Oh, I mentioned that TLC SSDs supposedly were thought to only last for 1000 erase cycles, but the particular Samsung model I was referring to (840 non-Pro) seems to do a lot better! These people killed one after 24,000 erase cycles and 3 petabytes of writes: http://www.vojcik.net/samsung-ssd-840-endurance-destruct-test/ If we use 24000 as the cycle count, then with just 13 on the clock so far, machine #2 is going to last 386217 years before wearing out :) Machine #1 is using MLC so maybe it'll get to 500 years? :) On 16 January 2015 at 14:22, Toby Corkindale <toby@dryft.net> wrote:
I'm curious to know what your SSD wear indicators look like, from long-running Linux machines, and how long it looks like they'll last based on existing usage.
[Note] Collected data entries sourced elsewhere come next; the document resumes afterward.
(* Let $S$ be a monoid whose unique maximal right ideal $\mathfrak{M}$ is two-sided, and let $A$ be a right $S$-act with a maximal subact $B$. Suppose $AI=A$ for some proper right ideal $I$ of $S$. Then for every $a\in A\setminus B$ there exists $m\in\mathfrak{M}$ with $am=a$.
   Context: $S$ is a monoid with identity $1$ having at least one right non-invertible element. A (right) $S$-act is a nonempty set with an action $(a,s)\mapsto as$, $a1=a$, $a(st)=(as)t$. A subact is a nonempty subset closed under the action; a maximal subact is a proper subact not properly contained in another proper subact. $\mathfrak{M}=\{s\in S\mid st\neq1\ \forall t\in S\}$ is the unique maximal right ideal of $S$. $AI=\{as\mid a\in A, s\in I\}$. *)

theory Defs
  imports Main
begin

definition is_act :: "'a set \<Rightarrow> ('a \<Rightarrow> 's::monoid_mult \<Rightarrow> 'a) \<Rightarrow> bool" where
  "is_act A act \<longleftrightarrow> A \<noteq> {} \<and> (\<forall>a\<in>A. \<forall>s. act a s \<in> A)
     \<and> (\<forall>a\<in>A. act a 1 = a) \<and> (\<forall>a\<in>A. \<forall>s t. act a (s * t) = act (act a s) t)"

definition subact :: "'a set \<Rightarrow> ('a \<Rightarrow> 's::monoid_mult \<Rightarrow> 'a) \<Rightarrow> 'a set \<Rightarrow> bool" where
  "subact A act B \<longleftrightarrow> B \<noteq> {} \<and> B \<subseteq> A \<and> (\<forall>b\<in>B. \<forall>s. act b s \<in> B)"

definition maximal_subact :: "'a set \<Rightarrow> ('a \<Rightarrow> 's::monoid_mult \<Rightarrow> 'a) \<Rightarrow> 'a set \<Rightarrow> bool" where
  "maximal_subact A act B \<longleftrightarrow> subact A act B \<and> B \<noteq> A \<and>
     (\<forall>C. subact A act C \<and> C \<noteq> A \<and> B \<subseteq> C \<longrightarrow> C = B)"

definition right_ideal :: "'s::monoid_mult set \<Rightarrow> bool" where
  "right_ideal I \<longleftrightarrow> I \<noteq> {} \<and> (\<forall>x\<in>I. \<forall>s. x * s \<in> I)"

definition two_sided_ideal :: "'s::monoid_mult set \<Rightarrow> bool" where
  "two_sided_ideal I \<longleftrightarrow> right_ideal I \<and> (\<forall>x\<in>I. \<forall>s. s * x \<in> I)"

definition MM :: "'s::monoid_mult set" where
  "MM = {s. \<forall>t. s * t \<noteq> 1}"

definition act_set :: "('a \<Rightarrow> 's \<Rightarrow> 'a) \<Rightarrow> 'a set \<Rightarrow> 's set \<Rightarrow> 'a set" where
  "act_set act A I = {act a s | a s. a \<in> A \<and> s \<in> I}"

end

theory Submission
  imports Defs
begin

text \<open>Since \<open>B\<close> is maximal and \<open>a \<notin> B\<close>, the subact \<open>B \<union> aS\<close> is all of \<open>A\<close>.
  From \<open>AI = A\<close> write \<open>a = a' s\<close> with \<open>s \<in> I\<close>; then \<open>a' \<notin> B\<close> (else \<open>a \<in> B\<close>), so
  \<open>a' = a t\<close> and \<open>a = a (t s)\<close>. A proper right ideal contains no right invertible
  element, so \<open>s \<in> \<M>\<close>, and \<open>t s \<in> \<M>\<close> because \<open>\<M>\<close> is two-sided.\<close>

lemma is_act_one: "is_act A act \<Longrightarrow> a \<in> A \<Longrightarrow> act a 1 = a"
  unfolding is_act_def by blast

lemma is_act_mult: "is_act A act \<Longrightarrow> a \<in> A \<Longrightarrow> act a (s * t) = act (act a s) t"
  unfolding is_act_def by blast

lemma subact_closed: "subact A act B \<Longrightarrow> b \<in> B \<Longrightarrow> act b s \<in> B"
  unfolding subact_def by blast

lemma two_sided_ideal_mult_left: "two_sided_ideal J \<Longrightarrow> x \<in> J \<Longrightarrow> s * x \<in> J"
  unfolding two_sided_ideal_def by blast

lemma right_ideal_subset_MM:
  assumes "right_ideal I" and "I \<noteq> UNIV"
  shows "I \<subseteq> MM"
proof
  fix x assume x: "x \<in> I"
  show "x \<in> MM"
  proof (rule ccontr)
    assume "x \<notin> MM"
    then obtain t where "x * t = 1" unfolding MM_def by auto
    with assms(1) x have "1 \<in> I" unfolding right_ideal_def by metis
    with assms(1) have "I = UNIV" unfolding right_ideal_def by (metis UNIV_eq_I mult_1_left)
    with assms(2) show False ..
  qed
qed

lemma subact_range_act:
  assumes "is_act A act" and "a \<in> A"
  shows "subact A act (range (act a))"
  unfolding subact_def
proof (intro conjI ballI allI)
  show "range (act a) \<subseteq> A" using assms unfolding is_act_def by auto
next
  fix b s assume "b \<in> range (act a)"
  then obtain u where "b = act a u" by blast
  then have "act b s = act a (u * s)" by (simp only: is_act_mult[OF assms])
  then show "act b s \<in> range (act a)" by simp
qed simp

lemma subact_Un:
  assumes "subact A act B" and "subact A act C"
  shows "subact A act (B \<union> C)"
  using assms unfolding subact_def by auto

lemma maximal_subact_Un_range_act:
  assumes act: "is_act A act" and maxB: "maximal_subact A act B" and a: "a \<in> A - B"
  shows "B \<union> range (act a) = A"
proof (rule ccontr)
  assume proper: "B \<union> range (act a) \<noteq> A"
  have subB: "subact A act B"
    and maximal: "\<And>C. subact A act C \<Longrightarrow> C \<noteq> A \<Longrightarrow> B \<subseteq> C \<Longrightarrow> C = B"
    using maxB unfolding maximal_subact_def by blast+
  have "subact A act (B \<union> range (act a))"
    using subB act a by (intro subact_Un subact_range_act) auto
  with proper have "B \<union> range (act a) = B" by (intro maximal) auto
  moreover have "act a 1 = a" using a by (simp add: is_act_one[OF act])
  ultimately show False using a by (metis DiffD2 UnI2 rangeI)
qed

theorem corollary2p8:
  fixes A B :: "'a set" and act :: "'a \<Rightarrow> 's::monoid_mult \<Rightarrow> 'a" and I :: "'s set"
  assumes nonunit: "\<exists>s::'s. \<forall>t. s * t \<noteq> 1"
    and M_two_sided: "two_sided_ideal (MM :: 's set)"
    and act: "is_act A act"
    and maxB: "maximal_subact A act B"
    and I: "right_ideal I" "I \<noteq> UNIV"
    and AI: "act_set act A I = A"
  shows "\<forall>a\<in>A - B. \<exists>m\<in>MM. act a m = a"
proof
  fix a assume a: "a \<in> A - B"
  then have aA: "a \<in> A" by simp
  have subB: "subact A act B" using maxB unfolding maximal_subact_def by simp
  from a AI have "a \<in> act_set act A I" by simp
  then obtain a' s where as: "a = act a' s" "a' \<in> A" "s \<in> I"
    unfolding act_set_def by auto
  have "a' \<notin> B"
  proof
    assume "a' \<in> B"
    then have "act a' s \<in> B" by (rule subact_closed[OF subB])
    with as(1) a show False by simp
  qed
  moreover have "a' \<in> B \<union> range (act a)"
    using maximal_subact_Un_range_act[OF act maxB a] as(2) by simp
  ultimately obtain t where t: "a' = act a t" by auto
  have "act a (t * s) = act (act a t) s" by (rule is_act_mult[OF act aA])
  also have "\<dots> = a" by (simp only: t[symmetric] as(1)[symmetric])
  finally have "act a (t * s) = a" .
  moreover have "t * s \<in> MM"
    using as(3) right_ideal_subset_MM[OF I] by (intro two_sided_ideal_mult_left[OF M_two_sided]) auto
  ultimately show "\<exists>m\<in>MM. act a m = a" by blast
qed

end
lemma card_permutations_of_multiset_with_head:
  "card {xs \<in> permutations_of_multiset A. xs ! 0 = w} * size A
     = card (permutations_of_multiset A) * count A w"
proof (cases "w \<in># A")
  case True
  then show ?thesis
    by (simp add: permutations_of_multiset_with_head card_image
        card_permutations_of_multiset_remove_aux)
next
  case False
  then have "count A w = 0"
    by (simp add: not_in_iff)
  moreover have "{xs \<in> permutations_of_multiset A. xs ! 0 = w} = {}" if "A \<noteq> {#}"
    using False that by (auto simp: permutations_of_multiset_def dest!: nth_mem[of 0])
  ultimately show ?thesis
    by (cases "A = {#}") auto
qed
You can query these with smartctl (if your drive db is too old, run sudo update-smart-drivedb first)
I'll go first. These are just private machines, albeit ones doing reasonable work. Perhaps at some point in the future I'll be able to report on long-term results of enterprise SSDs, but I can't right now.
Machine one: Power_On_Hours 4522 (188 days) Total_NAND_Writes_GiB 18846 Maximum_Erase_Cycle 199 Avg_Write_Erase_Ct 74 Total_Bad_Block 201 Perc_Avail_Resrvd_Space 100 This machine has been running for over 188 days non-stop, has logged nearly 19 TB of writes, and is about 2.5% of the way through it's expected minimum lifespan[1]. Estimated total lifespan time: 20.6 years.
Machine two: Power_On_Hours 18326 (763 days) Used_Rsvd_Blk_Cnt_Tot 0 Wear_Leveling_Count 13 Total_LBAs_Written 2066747494 (ie. about 1080 GiB [2]) This has been running for 763 days non-stop. Like the first machine, it hasn't used any of the reserved blocks yet. It's about 1.3% of the way through its min expected lifespan.[3] Estimated total lifespan time: 160 years.
-Toby
1: ie. 3000 write/erase cycles for MLC; in practice you seem to get quite a bit more though, according to testers. 2: This drive doesn't report the actual NAND writes, just LBAs written, but you can roughly convert those out; call each LBA 512 bytes, and then multiply the total by a conservative 1.1 to allow for write-amplification; we come up with about 1080 gigabytes. 3: This machine is running a cheaper type of TLC-based SSD, so theoretical amount of erase/write cycles are just 1000.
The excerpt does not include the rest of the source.